In previous terms as prime minister, both Mr. Netanyahu and Mr. Barak indicated a willingness to relinquish territory on the strategic Golan Heights for a peace deal.
Such an agreement could not only sidestep potential tensions with the United States over the Israeli-Palestinian peace process, but also weaken the alliance between Syria and Iran, a nation with nuclear ambitions that Israel considers a threat to its existence, analysts say.
Mr. Netanyahu and Mr. Barak "see eye to eye on a variety of issues, including the hope that a peace with Syria would lead to a strategic realignment in the region," said David Makovsky, a fellow at the Washington Institute for Near East Policy. "The idea of breaking off Syria from Hezbollah and Iran is sufficiently tantalizing that they will test that proposition."
Politically, such a deal would be a hard sell for Mr. Netanyahu, who would have to face down opposition among right-wing hard-liners in his coalition and within his own Likud Party.
Just days before Israelis went to the polls in February, Mr. Netanyahu paid a visit to the Golan Heights, where he backed continued Israeli control over the strategic region that Israel captured from Syria in 1967.
Referring to the stronghold that resisted the Romans during the Jewish Revolt in the first century, Mr. Netanyahu declared, "Gamla shall not fall again."
Despite those remarks, a foreign-policy aide to the new prime minister said the Syrian talks aren't being ruled out.
"It won't go off the radar," said Zalman Shoval, a former ambassador to the U.S. "But let's wait and see."
Israeli settlers who live on the Golan Heights organized a seminar for reporters in an attempt to dampen such speculation.
"There's constant fear that pressure will fall on Bibi and make it an issue," said David Stein, a seminar organizer. Bibi is a nickname for Mr. Netanyahu.
Others called the idea of Mr. Netanyahu trading the Golan for a peace treaty with Syria far-fetched, given the prime minister's reputation as a hard-liner who looks askance at the concept of trading land for peace with Israel's Arab neighbors.
"The name of the game with Netanyahu is managing conflicts, not resolving them," said Akiva Eldar, a diplomatic columnist for the left-wing Ha'aretz newspaper. "So the expectation is for him not to make things worse."
Mr. Netanyahu has attempted to soften his hard-line image in recent days, including remarks to the Israeli parliament Tuesday in which he praised Islamic culture and said: "Israel has always, and today more than ever, striven to reach full peace with the entire Arab and Muslim world."
He made no mention of a future Palestinian state.
During his first term in office from 1996 to 1999, Mr. Netanyahu conducted secret talks with Syria's then-President Hafez Assad through U.S. businessman Ron Lauder.
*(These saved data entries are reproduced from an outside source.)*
(* Let $n\ge 2$, $d\ge n+1$, and let $f$ be a Perazzo form of degree $d$ in $S$ with $A_f$ having $h$-vector $(h_0,\dots,h_d)$. If $A_f$ has the weak Lefschetz property, then $\#\{i\mid h_i=d+2\}\le 1$.
   Context: $K$ is an algebraically closed field of characteristic zero. $S=K[x_0,\dots,x_n,u,v]$ and $R=K[y_0,\dots,y_n,U,V]$ acts on $S$ by differentiation ($y_i=\partial/\partial x_i$, $U=\partial/\partial u$, $V=\partial/\partial v$); write $\theta\circ f$ for this action. A Perazzo form of degree $d$ is $f=x_0p_0+x_1p_1+\cdots+x_np_n+g$ where $p_0,\dots,p_n\in K[u,v]_{d-1}$ are linearly independent but algebraically dependent forms and $g\in K[u,v]_d$. $\operatorname{Ann}_R(f)=\{\theta\in R:\theta\circ f=0\}$ and $A_f=R/\operatorname{Ann}_R(f)$ is a graded artinian Gorenstein algebra of socle degree $d$; its $h$-vector is $h_i=\dim_K [A_f]_i$, and satisfies $h_i=h_{d-i}$. A graded artinian algebra $A$ has the weak Lefschetz property (WLP) if there is $\ell\in[A]_1$ such that multiplication $\times\ell:[A]_i\to[A]_{i+1}$ has maximal rank (is injective or surjective) for every $i\ge 0$. *)

theory Defs
  imports Main "HOL-Library.Poly_Mapping" "HOL-Computational_Algebra.Polynomial"
begin

(* In S (and R) the variables are indexed by
  0..n (x_0..x_n resp. y_0..y_n), n+1 (u resp. U) and n+2 (v resp. V).*)

type_synonym 'a mpoly = "(nat \<Rightarrow>\<^sub>0 nat) \<Rightarrow>\<^sub>0 'a"

definition alg_closed :: "'a::field itself \<Rightarrow> bool" where
  "alg_closed _ \<longleftrightarrow> (\<forall>q::'a poly. Polynomial.degree q > 0 \<longrightarrow> (\<exists>x. poly q x = 0))"

definition mscale :: "'a::field \<Rightarrow> 'a mpoly \<Rightarrow> 'a mpoly" where
  "mscale c p = Poly_Mapping.map (\<lambda>a. c * a) p"

lemma vector_space_mscale: "vector_space (mscale :: 'a::field \<Rightarrow> 'a mpoly \<Rightarrow> 'a mpoly)"
  unfolding mscale_def
  by unfold_locales
     (simp_all add: poly_mapping_eq_iff fun_eq_iff map.rep_eq plus_poly_mapping.rep_eq
        when_def algebra_simps flip: distrib_left)

definition mvar :: "nat \<Rightarrow> 'a::field mpoly" where
  "mvar k = Poly_Mapping.single (Poly_Mapping.single k 1) 1"

definition mon_deg :: "(nat \<Rightarrow>\<^sub>0 nat) \<Rightarrow> nat" where
  "mon_deg \<alpha> = (\<Sum>k\<in>Poly_Mapping.keys \<alpha>. Poly_Mapping.lookup \<alpha> k)"

definition forms :: "nat set \<Rightarrow> nat \<Rightarrow> 'a::field mpoly set" where
  "forms V i = {p. \<forall>\<alpha>\<in>Poly_Mapping.keys p. Poly_Mapping.keys \<alpha> \<subseteq> V \<and> mon_deg \<alpha> = i}"

definition polys_in :: "nat set \<Rightarrow> 'a::field mpoly set" where
  "polys_in V = {p. \<forall>\<alpha>\<in>Poly_Mapping.keys p. Poly_Mapping.keys \<alpha> \<subseteq> V}"

(* Action of R on S by differentiation: y^\<beta> \<circ> x^\<alpha> = \<alpha>!/(\<alpha>-\<beta>)! x^(\<alpha>-\<beta>) if \<beta> \<le> \<alpha>, else 0,
  extended bilinearly.*)
definition mon_diff_coeff :: "(nat \<Rightarrow>\<^sub>0 nat) \<Rightarrow> (nat \<Rightarrow>\<^sub>0 nat) \<Rightarrow> nat" where
  "mon_diff_coeff \<beta> \<alpha> =
     (\<Prod>k\<in>Poly_Mapping.keys \<alpha>. fact (Poly_Mapping.lookup \<alpha> k) div fact (Poly_Mapping.lookup \<alpha> k - Poly_Mapping.lookup \<beta> k))"

definition apolar :: "'a::field mpoly \<Rightarrow> 'a mpoly \<Rightarrow> 'a mpoly" where
  "apolar \<theta> f = (\<Sum>\<beta>\<in>Poly_Mapping.keys \<theta>. \<Sum>\<alpha>\<in>Poly_Mapping.keys f.
      if (\<forall>k. Poly_Mapping.lookup \<beta> k \<le> Poly_Mapping.lookup \<alpha> k)
      then Poly_Mapping.single (\<alpha> - \<beta>)
             (Poly_Mapping.lookup \<theta> \<beta> * Poly_Mapping.lookup f \<alpha> * of_nat (mon_diff_coeff \<beta> \<alpha>))
      else 0)"

definition msubst :: "'a::field mpoly \<Rightarrow> (nat \<Rightarrow> 'a mpoly) \<Rightarrow> 'a mpoly" where
  "msubst F p = (\<Sum>\<gamma>\<in>Poly_Mapping.keys F.
      mscale (Poly_Mapping.lookup F \<gamma>) (\<Prod>k\<in>Poly_Mapping.keys \<gamma>. p k ^ Poly_Mapping.lookup \<gamma> k))"

definition perazzo_form :: "nat \<Rightarrow> nat \<Rightarrow> 'a::field mpoly \<Rightarrow> bool" where
  "perazzo_form n d f \<longleftrightarrow> (\<exists>p g.
     (\<forall>i\<le>n. p i \<in> forms {n+1, n+2} (d - 1)) \<and>
     (\<forall>c. (\<Sum>i\<le>n. mscale (c i) (p i)) = 0 \<longrightarrow> (\<forall>i\<le>n. c i = 0)) \<and>
     (\<exists>F. F \<noteq> 0 \<and> F \<in> polys_in {..n} \<and> msubst F p = 0) \<and>
     g \<in> forms {n+1, n+2} d \<and>
     f = (\<Sum>i\<le>n. mvar i * p i) + g)"

definition Ann :: "nat \<Rightarrow> 'a::field mpoly \<Rightarrow> 'a mpoly set" where
  "Ann n f = {\<theta> \<in> polys_in {..n+2}. apolar \<theta> f = 0}"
Though Mr. Netanyahu later acknowledged the talks, he denied agreeing to give up the Golan Heights. As prime minister in the final year of the Clinton administration, Mr. Barak also negotiated with Syria.
More recently, the government of Ehud Olmert conducted indirect talks through the Turkish government, but those negotiations ended with Israel's invasion of the Gaza Strip.
"We're back at the beginning," said Alon Liel, a former Israeli Foreign Ministry official who conducted exploratory talks with Syria several years ago.